My Average plugin is pretty handy. It gives you from one to ten taps of simple averaging, as a continuously variable thing. At higher settings, there are comb-filtery artifacts that come in as a result of how averaging works, but you can tune them with the filter setting and they sound pretty natural… and averaging has very good time response because it doesn’t have an IIR ‘tail’, so it’s very clean-sounding in ways normal filters aren’t.

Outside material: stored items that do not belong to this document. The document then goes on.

(* Let $f:[0,\infty)\to\mathbb{R}$ be differentiable, let $0<a<b<\infty$, and suppose $f'$ is Lebesgue integrable on $[a,b]$. Let $(\alpha,m)\in(0,1]^2$ and $q>1$, and suppose $|f'|^q$ is $(\alpha,m)$-GA-convex on $[0,\max\{a^{1/m},b\}]$. Then \[ \biggl|\frac{b^2f(b)-a^2f(a)}{2}-\int_a^b xf(x)\,dx\biggr|\le\frac{\ln b-\ln a}{2}\Bigl(\frac{1}{\alpha+1}\Bigr)^{1/q}\bigl[L\bigl(a^{3q/(q-1)},b^{3q/(q-1)}\bigr)\bigr]^{1-1/q}\Bigl[|f'(b)|^q+\alpha m\bigl|f'(a^{1/m})\bigr|^q\Bigr]^{1/q}. \]
   Context: For $c>0$, $h:[0,c]\to\mathbb{R}$ and $(\alpha,m)\in(0,1]^2$, $h$ is called $(\alpha,m)$-GA-convex on $[0,c]$ if $h\bigl(x^\lambda y^{m(1-\lambda)}\bigr)\le\lambda^\alpha h(x)+m(1-\lambda^\alpha)h(y)$ for all $x,y\in[0,c]$ and all $\lambda\in[0,1]$ (with the convention $0^0=1$). For $x,y>0$, $x\neq y$, the logarithmic mean is $L(x,y)=\frac{y-x}{\ln y-\ln x}$. *)

theory Defs
  imports "HOL-Analysis.Analysis"
begin

definition gpow :: "real \<Rightarrow> real \<Rightarrow> real" where
  "gpow x t = (if t = 0 then 1 else x powr t)"

text \<open>(alpha,m)-GA-convexity of h on [0,c].  The inequality is required whenever
  the geometric combination lies in the domain [0,c] of h.\<close>
definition alpha_m_GA_convex :: "real \<Rightarrow> real \<Rightarrow> real \<Rightarrow> (real \<Rightarrow> real) \<Rightarrow> bool" where
  "alpha_m_GA_convex \<alpha> m c h \<longleftrightarrow>
     (\<forall>x\<in>{0..c}. \<forall>y\<in>{0..c}. \<forall>t\<in>{0..1}.
        gpow x t * gpow y (m * (1 - t)) \<in> {0..c} \<longrightarrow>
        h (gpow x t * gpow y (m * (1 - t)))
          \<le> gpow t \<alpha> * h x + m * (1 - gpow t \<alpha>) * h y)"

definition logmean :: "real \<Rightarrow> real \<Rightarrow> real" where
  "logmean x y = (y - x) / (ln y - ln x)"

end

theory Submission
  imports Defs
begin

text \<open>Along the geometric path \<open>x(t) = a powr (1 - t) * b powr t\<close>, \<open>t \<in> {0..1}\<close>, the
  left-hand side equals \<open>(ln b - ln a) / 2\<close> times the integral of \<open>x(t)^3 * f'(x(t))\<close>, because
  \<open>x^2 f(x) / 2 - \<integral>{a..x} s f(s)\<close> has derivative \<open>x^2 f'(x) / 2\<close>. Hoelder's inequality with
  exponents \<open>p = q / (q - 1)\<close> and \<open>q\<close> splits this integral into the integral of
  \<open>x(t) powr (3 p)\<close>, which is the logarithmic mean of \<open>a powr (3 p)\<close> and \<open>b powr (3 p)\<close>,
  and the integral of \<open>|f'(x(t))| powr q\<close>, which GA-convexity bounds pointwise by
  \<open>t powr \<alpha> * |f'(b)| powr q + m * (1 - t powr \<alpha>) * |f'(a powr (1/m))| powr q\<close>.\<close>

definition geom_path :: "real \<Rightarrow> real \<Rightarrow> real \<Rightarrow> real" where
  "geom_path a b t = a powr (1 - t) * b powr t"
(* On $V_N$ (with the $H_n(N/n)$-action $\zeta_N$) one has $\mathbf h=H$, $\mathbf e=\frac NnE$, $\mathbf f=\frac nNF$, where $\mathbf h=\frac12\sum_i(\mathrm x_i\mathrm y_i+\mathrm y_i\mathrm x_i)$, $\mathbf e=\frac12\sum_i\mathrm y_i^2$, $\mathbf f=\frac12\sum_i\mathrm x_i^2$, and $H=\sum_pb_p\frac{\partial}{\partial b_p}+\frac{\dim\mathfrak g}2$, $F=\frac12\sum_pb_p^2$, $E=\frac12\Delta_{\mathfrak g}$ act on the $\mathbb C[\mathfrak g]$ factor.
   Context: $N$ divides $n$, $\mathfrak g=\mathfrak{sl}_N(\mathbb C)$, $V_N=(\mathbb C[\mathfrak g]\otimes(\mathbb C^N)^{\otimes n})^{\mathfrak g}$. $\{b_p\}$ is an orthonormal basis of $\mathfrak g$ for the trace form; $b_p$ also denotes the corresponding linear coordinate function (multiplication operator) on $\mathfrak g$, $\partial/\partial b_p$ the directional derivative, and $\Delta_{\mathfrak g}=\sum_p\partial^2/\partial b_p^2$ the Laplacian. $H_n(k)$ is the rational Cherednik algebra of type $A_{n-1}$ (quotient of $\mathbb C[S_n]\ltimes\mathbb C\langle\mathrm x_i,\mathrm y_i\rangle$ by $\sum\mathrm x_i=\sum\mathrm y_i=0$, $[\mathrm x_i,\mathrm x_j]=[\mathrm y_i,\mathrm y_j]=0$, $[\mathrm x_i,\mathrm y_j]=\frac1n-ks_{ij}$ for $i\ne j$), acting on $V_N$ via $\zeta_N$: $s_{ij}$ permutes tensor factors, $(\mathrm x_if)(A)=A_if(A)$, $(\mathrm y_if)(A)=\frac Nn\sum_p(b_p)_i\frac{\partial f}{\partial b_p}(A)$, where $B_i$ is $B$ acting on the $i$-th factor of $(\mathbb C^N)^{\otimes n}$. *)

theory Defs
  imports "HOL-Analysis.Analysis"
begin

text \<open>N x N complex matrices are functions nat => nat => complex (indices < N);
 tensors in (C^N)^{tensor n} are functions on index lists w (length n, entries < N);
 elements of C[g] tensor (C^N)^{tensor n} are functions from matrices to tensors.\<close>

type_synonym mat = "nat \<Rightarrow> nat \<Rightarrow> complex"
type_synonym tens = "nat list \<Rightarrow> complex"

definition mat_mult :: "nat \<Rightarrow> mat \<Rightarrow> mat \<Rightarrow> mat" where
  "mat_mult N A B = (\<lambda>i j. \<Sum>k<N. A i k * B k j)"

definition mtrace :: "nat \<Rightarrow> mat \<Rightarrow> complex" where
  "mtrace N A = (\<Sum>i<N. A i i)"

definition in_sl :: "nat \<Rightarrow> mat \<Rightarrow> bool" where
  "in_sl N A \<longleftrightarrow> mtrace N A = 0 \<and> (\<forall>i j. (N \<le> i \<or> N \<le> j) \<longrightarrow> A i j = 0)"

definition lie_br :: "nat \<Rightarrow> mat \<Rightarrow> mat \<Rightarrow> mat" where
  "lie_br N X A = (\<lambda>i j. mat_mult N X A i j - mat_mult N A X i j)"
lemma card_edges_le_max_edges:
  assumes g: "graph V E" and aw: "N_AW l V E"
  shows "card (edges V E) \<le> max_edges (card V) l"
proof -
  have "finite V" using g by (simp add: graph_def)
  then obtain h :: "'a \<Rightarrow> nat" where inj: "inj_on h V" using finite_imp_inj_to_nat_seg by blast
  let ?counts = "{card (edges V' E') | (V' :: nat set) E'. graph V' E' \<and> card V' = card V \<and> N_AW l V' E'}"
  have "card (edges V E) = card (edges (h ` V) (graph_image h V E))"
    by (simp add: card_edges_graph_image[OF inj])
  then have mem: "card (edges V E) \<in> ?counts"
    using graph_graph_image[OF inj g] N_AW_graph_image[OF inj aw] card_image[OF inj] by blast
  have fin: "finite ?counts"
    by (rule finite_subset[of _ "{..2 ^ card V}"]) (auto simp: graph_def dest!: card_edges_le_pow)
  show ?thesis unfolding max_edges_def by (rule Max_ge[OF fin mem])
qed

definition insert_edge :: "'a \<Rightarrow> 'a \<Rightarrow> ('a \<Rightarrow> 'a \<Rightarrow> bool) \<Rightarrow> 'a \<Rightarrow> 'a \<Rightarrow> bool" where
  "insert_edge a b E x y \<longleftrightarrow> E x y \<or> {x, y} = {a, b}"

lemma graph_insert_edge:
  assumes "graph V E" and "compl_graph V E a b"
  shows "graph V (insert_edge a b E)"
  using assms unfolding graph_def compl_graph_def insert_edge_def by (auto simp: doubleton_eq_iff)

lemma compl_graph_insert_edge:
  "compl_graph V (insert_edge a b E) x y \<longleftrightarrow> compl_graph V E x y \<and> {x, y} \<noteq> {a, b}"
  by (auto simp: compl_graph_def insert_edge_def)

lemma card_edges_insert_edge:
  assumes g: "graph V E" and ab: "compl_graph V E a b"
  shows "card (edges V (insert_edge a b E)) = Suc (card (edges V E))"
proof -
  have "edges V (insert_edge a b E) = insert {a, b} (edges V E)"
    using ab by (auto simp: edges_def compl_graph_def insert_edge_def)
  moreover have "{a, b} \<notin> edges V E"
    using g ab by (auto simp: edges_def compl_graph_def graph_def doubleton_eq_iff)
  moreover have "finite (edges V E)"
    using g by (intro finite_subset[OF edges_subset_Pow]) (simp add: graph_def)
  ultimately show ?thesis by simp
qed

lemma nbhd_sum_compl_insert_edge:
  assumes g: "graph V E" and ab: "compl_graph V E a b"
  shows "nbhd_sum V (compl_graph V E) y v
    = nbhd_sum V (compl_graph V (insert_edge a b E)) y v
      + (if v = a then y b else 0) + (if v = b then y a else 0)"
proof -
  let ?N' = "{w\<in>V. compl_graph V (insert_edge a b E) v w}"
  have fin: "finite ?N'" using g by (simp add: graph_def)
  have ab': "a \<noteq> b" "a \<in> V" "b \<in> V" using ab by (auto simp: compl_graph_def)
  consider "v = a" | "v = b" | "v \<notin> {a, b}" by blast
  then show ?thesis
  proof cases
    case 1
    then have "{w\<in>V. compl_graph V E v w} = insert b ?N'" "b \<notin> ?N'"
      using ab ab' by (auto simp: compl_graph_insert_edge doubleton_eq_iff)
    then show ?thesis using fin 1 ab' by (simp add: nbhd_sum_def)
  next
    case 2
    then have "{w\<in>V. compl_graph V E v w} = insert a ?N'" "a \<notin> ?N'"
      using ab ab' symp_compl_graph[OF g] by (auto simp: compl_graph_insert_edge doubleton_eq_iff dest: sympD)
    then show ?thesis using fin 2 ab' by (simp add: nbhd_sum_def)
  next
    case 3
    then have "{w\<in>V. compl_graph V E v w} = ?N'"
      by (auto simp: compl_graph_insert_edge doubleton_eq_iff)
    then show ?thesis using 3 by (simp add: nbhd_sum_def)
  qed
qed

lemma N_AW_insert_edge:
  assumes g: "graph V E" and l: "0 < l" and aw: "N_AW l V E"
    and ab: "compl_graph V E a b"
    and Nu: "{z\<in>V. compl_graph V E u z} = {w}" and Nv: "{z\<in>V. compl_graph V E v z} = {w, a}"
    and u: "u \<notin> {a, b}" and v: "v \<notin> {a, b}" and "w \<noteq> a"
  shows "N_AW l V (insert_edge a b E)"
  unfolding N_AW_iff_compl_kernel_trivial[OF graph_insert_edge[OF g ab] l]
proof (intro allI impI)
  fix y
  assume ker': "\<forall>z\<in>V. int l dvd sum y V - nbhd_sum V (compl_graph V (insert_edge a b E)) y z"
  have fin: "finite V" using g by (simp add: graph_def)
  have adj_u: "compl_graph V E z u \<longleftrightarrow> z = w" and adj_v: "compl_graph V E z v \<longleftrightarrow> z = w \<or> z = a" for z
    using compl_graph_iff_mem_nbhd[OF g Nu] compl_graph_iff_mem_nbhd[OF g Nv] by simp_all
  have in_V: "u \<in> V" "v \<in> V" using adj_u[of w] adj_v[of w] by (simp_all add: compl_graph_def)
  note nbhd_sum_E = nbhd_sum_compl_insert_edge[OF g ab]
  have "int l dvd sum y V - y w" "int l dvd sum y V - (y w + y a)"
    using ker' in_V u v nbhd_sum_E[of y u] nbhd_sum_E[of y v] Nu Nv \<open>w \<noteq> a\<close>
    by (simp_all add: nbhd_sum_def)
  from dvd_diff[OF this] have ya: "int l dvd y a" by simp
  define x where "x z = y z + (if z = u then y b else 0) + (if z = v then - y b else 0)" for z
  have "sum x V = sum y V"
    using fin in_V by (simp add: x_def sum.distrib)
  moreover have "nbhd_sum V (compl_graph V E) x z = nbhd_sum V (compl_graph V E) y z - (if z = a then y b else 0)"
    for z unfolding x_def using fin in_V \<open>w \<noteq> a\<close> adj_u adj_v by (rule nbhd_sum_shift)
  ultimately have "sum x V - nbhd_sum V (compl_graph V E) x z
      = sum y V - nbhd_sum V (compl_graph V (insert_edge a b E)) y z - (if z = b then y a else 0)" for z
    by (simp add: nbhd_sum_E)
  with ker' ya have "\<forall>z\<in>V. int l dvd sum x V - nbhd_sum V (compl_graph V E) x z"
    by (auto intro: dvd_diff)
  then have x: "\<forall>z\<in>V. int l dvd x z"
    using aw N_AW_iff_compl_kernel_trivial[OF g l] by blast
  have "x b = y b" using u v by (auto simp: x_def)
  then have yb: "int l dvd y b" using x ab by (metis compl_graph_def)
  show "\<forall>z\<in>V. int l dvd y z"
  proof
    fix z assume "z \<in> V"
    have "y z = x z - (if z = u then y b else 0) + (if z = v then y b else 0)" by (simp add: x_def)
    also have "int l dvd \<dots>" using x \<open>z \<in> V\<close> yb by (intro dvd_add dvd_diff) auto
    finally show "int l dvd y z" .
  qed
qed
lemma dotv_le_T_hat_add_s_fun:
  fixes g lam :: "'c::finite \<Rightarrow> real"
  assumes "0 < \<phi>0" and "(\<Sum>c\<in>UNIV. lam c) = 0"
  shows "dotv g lam \<le> T_hat \<phi>0 \<phi>1 g + s_fun \<phi>0 \<phi>1 ((\<Sum>c\<in>UNIV. \<bar>lam c\<bar>) / 2)"
proof -
  define M m where "M = Max (range g)" and "m = Min (range g)"
  define D where "D = M - m"
  define t where "t = (\<Sum>c\<in>UNIV. \<bar>lam c\<bar>) / 2"
  have range: "m \<le> g c" "g c \<le> M" for c unfolding M_def m_def by auto
  then have "0 \<le> D" unfolding D_def by (metis diff_ge_0_iff_ge order_trans)
  have "(\<Sum>c\<in>UNIV. (g c - (M + m) / 2) * lam c) = dotv g lam - (M + m) / 2 * (\<Sum>c\<in>UNIV. lam c)"
    by (simp add: dotv_def left_diff_distrib sum_subtractf sum_distrib_left)
  then have "dotv g lam = (\<Sum>c\<in>UNIV. (g c - (M + m) / 2) * lam c)"
    using assms(2) by simp
  also have "\<dots> \<le> (\<Sum>c\<in>UNIV. D / 2 * \<bar>lam c\<bar>)"
  proof (rule sum_mono)
    fix c
    have "\<bar>g c - (M + m) / 2\<bar> \<le> D / 2" using range[of c] unfolding D_def by (simp add: abs_le_iff field_simps)
    then have "\<bar>(g c - (M + m) / 2) * lam c\<bar> \<le> D / 2 * \<bar>lam c\<bar>"
      unfolding abs_mult by (rule mult_right_mono) simp
    then show "(g c - (M + m) / 2) * lam c \<le> D / 2 * \<bar>lam c\<bar>" by simp
  qed
  also have "\<dots> = D * t" unfolding t_def by (simp add: sum_distrib_left sum_divide_distrib)
  also have "\<dots> \<le> \<phi>0 * D\<^sup>2 + \<phi>1 * D + s_fun \<phi>0 \<phi>1 t"
  proof (cases "\<phi>1 \<le> t")
    case True
    \<comment> \<open>completing the square in \<open>D\<close>\<close>
    have "0 \<le> (2 * \<phi>0 * D - (t - \<phi>1))\<^sup>2 / (4 * \<phi>0)" using assms(1) by simp
    also have "\<dots> = \<phi>0 * D\<^sup>2 - D * (t - \<phi>1) + (t - \<phi>1)\<^sup>2 / (4 * \<phi>0)"
      using assms(1) by (simp add: power2_eq_square field_simps)
    finally show ?thesis using True unfolding s_fun_def by (simp add: algebra_simps)
  next
    case False
    then have "D * t \<le> \<phi>1 * D" using \<open>0 \<le> D\<close> by (simp add: mult_left_mono mult.commute)
    moreover have "0 \<le> \<phi>0 * D\<^sup>2" using assms(1) by simp
    ultimately show ?thesis using s_fun_nonneg[OF assms(1), of \<phi>1 t] by linarith
  qed
  finally show ?thesis unfolding T_hat_def t_def D_def M_def m_def .
qed
(* Let $n>5$ be prime and let $\gamma:\mathbb{Z}_n\to[0,1]$ be a probability distribution with $\gamma(k)\in\mathbb{Q}$ for all $k\in\mathbb{Z}_n$. If the random walk on $\mathbb{Z}_n$ with step distribution $\gamma$ is reconstructive, then the Fourier coefficients $\{\hat{\gamma}(x)\}_{x\in\mathbb{Z}_n}$ are pairwise distinct.
   Context: $\mathbb{Z}_n=\mathbb{Z}/n\mathbb{Z}$. The random walk $v(t)$ with step distribution $\gamma$ on a finite abelian group $H$ has $v(1)$ uniform on $H$ and $\mathbb{P}(v(t+1)-v(t)=k)=\gamma(k)$, steps independent. A labeling (scenery) is a function $f:H\to\{0,1\}$. The walk is called reconstructive if, for any two labelings $f_1,f_2$, the distributions of the sequences $\{f_1(v(t))\}_{t\ge1}$ and $\{f_2(v(t))\}_{t\ge1}$ coincide only if $f_1$ is a shift of $f_2$, i.e. there is $\ell\in H$ with $f_1(k)=f_2(k+\ell)$ for all $k$. The Fourier transform is $\hat{\gamma}(x)=\sum_{k\in\mathbb{Z}_n}\omega_n^{kx}\gamma(k)$ with $\omega_n=e^{-2\pi i/n}$. *)

theory Defs
  imports "HOL-Analysis.Analysis"
begin

text \<open>Z_n is represented by {0..<n} (nat, arithmetic mod n). A step distribution is
  gamma :: nat => real, meaningful on {0..<n}. A labeling is f :: nat => bool
  (only its values on {0..<n} matter).\<close>

definition step_dist :: "nat \<Rightarrow> (nat \<Rightarrow> real) \<Rightarrow> bool" where
  "step_dist n \<gamma> \<longleftrightarrow> (\<forall>k<n. 0 \<le> \<gamma> k \<and> \<gamma> k \<le> 1) \<and> (\<Sum>k<n. \<gamma> k) = 1"

text \<open>walk_prob n gamma f w x: probability that, starting at x, the observed labels
  f(v(1)),...,f(v(m)) equal the word w (with v(1) = x).\<close>
fun walk_prob :: "nat \<Rightarrow> (nat \<Rightarrow> real) \<Rightarrow> (nat \<Rightarrow> bool) \<Rightarrow> bool list \<Rightarrow> nat \<Rightarrow> real" where
  "walk_prob n \<gamma> f [] x = 1"
| "walk_prob n \<gamma> f (b # ws) x =
     (if f x = b then (\<Sum>k<n. \<gamma> k * walk_prob n \<gamma> f ws ((x + k) mod n)) else 0)"
(* Let $A$ be a real $m\times n$ matrix, $\mathbf b\in\mathbb R^m$, $\mathbf c\in\mathbb R^n$ (row vector), such that the linear program $\max\mathbf c\mathbf x$ s.t. $A\mathbf x\le\mathbf b$, $\mathbf x\ge0$ has unique optimal primal and dual solutions $\mathbf x^*$ and $\mathbf y^*$. Let $\lambda=\min(\alpha_P,\alpha_D,\beta_P,\beta_D)$. Then \[ \delta(A,\mathbf b,\mathbf c)\ \ge\ \frac{\lambda^2\,\gamma}{2\max(1,\sqrt n\|A\|)\,(1+\|A\|)}. \]
   Context: The dual is $\min\mathbf y\mathbf b$ s.t. $\mathbf yA\ge\mathbf c$, $\mathbf y\ge0$. $U=\{i:x^*_i>0\}$, $V=\{j:y^*_j>0\}$, $\bar U,\bar V$ their complements. Define $\alpha_P=\min_{i\in U}x^*_i$, $\alpha_D=\min_{j\in V}y^*_j$, $\beta_P=\min_{j\in\bar V}(b_j-A_{j,:}\mathbf x^* )$, $\beta_D=\min_{i\in\bar U}(\mathbf y^*A_{:,i}-c_i)$, and $\gamma=\min_{k\in U}\mathrm{dist}(A_{V,k},\mathrm{span}(A_{V,U\setminus\{k\}}))$, where $A_{V,k}$ is column $k$ restricted to rows in $V$ and $\mathrm{span}(A_{V,U\setminus\{k\}})$ is the span of the columns indexed by $U\setminus\{k\}$ restricted to rows $V$. $\|A\|$ is the spectral norm. For a primal feasible $\mathbf x$, $U(\mathbf x)$ and $V(\mathbf x)$ are the index sets such that $\{x_i:i\notin U(\mathbf x)\}\cup\{b_j-A_{j,:}\mathbf x:j\in V(\mathbf x)\}$ are the $n$ smallest values among $\{x_i\}\cup\{b_j-A_{j,:}\mathbf x\}$. $\delta(A,\mathbf b,\mathbf c)$ is the supremum of those $\delta$ such that for every primal feasible $\mathbf x$, $\mathbf c\mathbf x^*-\mathbf c\mathbf x<\delta$ implies $U(\mathbf x)=U$ and $V(\mathbf x)=V$. *)

theory Defs
  imports "HOL-Analysis.Analysis"
begin

text \<open>LP: max c.x s.t. A x <= b, x >= 0; dual: min y.b s.t. y A >= c, y >= 0.
  A is an m x n real matrix, represented as real^'n^'m (rows indexed by 'm).\<close>

definition primal_feasible :: "real^'n^'m \<Rightarrow> real^'m \<Rightarrow> real^'n \<Rightarrow> bool" where
  "primal_feasible A b x \<longleftrightarrow> (\<forall>i. 0 \<le> x $ i) \<and> (\<forall>j. (A *v x) $ j \<le> b $ j)"

definition dual_feasible :: "real^'n^'m \<Rightarrow> real^'n \<Rightarrow> real^'m \<Rightarrow> bool" where
  "dual_feasible A c y \<longleftrightarrow> (\<forall>j. 0 \<le> y $ j) \<and> (\<forall>i. c $ i \<le> (y v* A) $ i)"

definition primal_optimal :: "real^'n^'m \<Rightarrow> real^'m \<Rightarrow> real^'n \<Rightarrow> real^'n \<Rightarrow> bool" where
  "primal_optimal A b c x \<longleftrightarrow> primal_feasible A b x \<and>
     (\<forall>x'. primal_feasible A b x' \<longrightarrow> c \<bullet> x' \<le> c \<bullet> x)"

definition dual_optimal :: "real^'n^'m \<Rightarrow> real^'m \<Rightarrow> real^'n \<Rightarrow> real^'m \<Rightarrow> bool" where
  "dual_optimal A b c y \<longleftrightarrow> dual_feasible A c y \<and>
     (\<forall>y'. dual_feasible A c y' \<longrightarrow> y \<bullet> b \<le> y' \<bullet> b)"

definition slack :: "real^'n^'m \<Rightarrow> real^'m \<Rightarrow> real^'n \<Rightarrow> 'm \<Rightarrow> real" where
  "slack A b x j = b $ j - (A *v x) $ j"

definition supp_vec :: "real^'k \<Rightarrow> 'k set" where
  "supp_vec v = {i. 0 < v $ i}"

text \<open>Minima over possibly empty sets, as extended reals (min of the empty set is +infinity).\<close>
definition alpha_P :: "real^'n \<Rightarrow> ereal" where
  "alpha_P xs = (INF i\<in>supp_vec xs. ereal (xs $ i))"

definition alpha_D :: "real^'m \<Rightarrow> ereal" where
  "alpha_D ys = (INF j\<in>supp_vec ys. ereal (ys $ j))"

definition beta_P :: "real^'n^'m \<Rightarrow> real^'m \<Rightarrow> real^'n \<Rightarrow> real^'m \<Rightarrow> ereal" where
  "beta_P A b xs ys = (INF j\<in>- supp_vec ys. ereal (slack A b xs j))"

definition beta_D :: "real^'n^'m \<Rightarrow> real^'n \<Rightarrow> real^'n \<Rightarrow> real^'m \<Rightarrow> ereal" where
  "beta_D A c xs ys = (INF i\<in>- supp_vec xs. ereal ((ys v* A) $ i - c $ i))"

text \<open>Column k of A restricted to the rows in V, embedded in R^m by zero-padding the
  rows outside V (this does not change distances to spans of such vectors).\<close>
definition col_restr :: "real^'n^'m \<Rightarrow> 'm set \<Rightarrow> 'n \<Rightarrow> real^'m" where
  "col_restr A V k = (\<chi> j. if j \<in> V then A $ j $ k else 0)"

definition gamma :: "real^'n^'m \<Rightarrow> 'n set \<Rightarrow> 'm set \<Rightarrow> ereal" where
  "gamma A U V = (if U = {} then 0 else
     (INF k\<in>U. ereal (infdist (col_restr A V k) (span (col_restr A V ` (U - {k}))))))"

text \<open>"U(x) = U and V(x) = V": the values x_i (i not in U) and slacks (j in V) are
  exactly the n smallest among all x_i and all slacks, i.e. there are n of them and each is
  strictly smaller than every value not selected (so the selection is unique).\<close>
definition selects_n_smallest ::
  "real^'n^'m \<Rightarrow> real^'m \<Rightarrow> real^'n \<Rightarrow> 'n set \<Rightarrow> 'm set \<Rightarrow> bool" where
  "selects_n_smallest A b x U V \<longleftrightarrow>
     card (- U) + card V = CARD('n) \<and>
     (\<forall>i\<in>- U. \<forall>i'\<in>U. x $ i < x $ i') \<and>
     (\<forall>i\<in>- U. \<forall>j'\<in>- V. x $ i < slack A b x j') \<and>
     (\<forall>j\<in>V. \<forall>i'\<in>U. slack A b x j < x $ i') \<and>
     (\<forall>j\<in>V. \<forall>j'\<in>- V. slack A b x j < slack A b x j')"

AverMatrix takes that, and gives you one to ten POLES of filtering like in the first Average. That’s continuous too: you can have three and a half poles, no trouble (it just generates the third pole and then fades halfway into it) so the subtlety of adjustment is great.

AND, also by request, AverMatrix uses the Inv/Dry/Wet trick some of my other plugins use, and it’s a great idea to include. Go to full ‘inverse’ and AverMatrix is made to keep the dry and subtract the inverted wet from it… which means, now it’s a highpass. An amazing-sounding highpass, with great clarity and airy-ness and just as clean transient behavior, and just like applying dry/wet on the regular averaging, you can apply dry/inverse to give only a subtle treble lift. I think this is going to work real well for people. And one more thing: since native averaging at high numbers of taps gives a funny notch that you can tune, and since this is inverse, you can use this behavior to give a highs boost with a funny, tuneable peak. Set it wrongly and maybe it’ll make your mic sound nasty (don’t reinforce existing spikes in the mic’s response) but place it just right and you can get treble lift that neatly avoids the resonances of your mic… and enjoy the response of a much fancier microphone. (your settings will be sample-rate dependent so tune it again if you change sample rate)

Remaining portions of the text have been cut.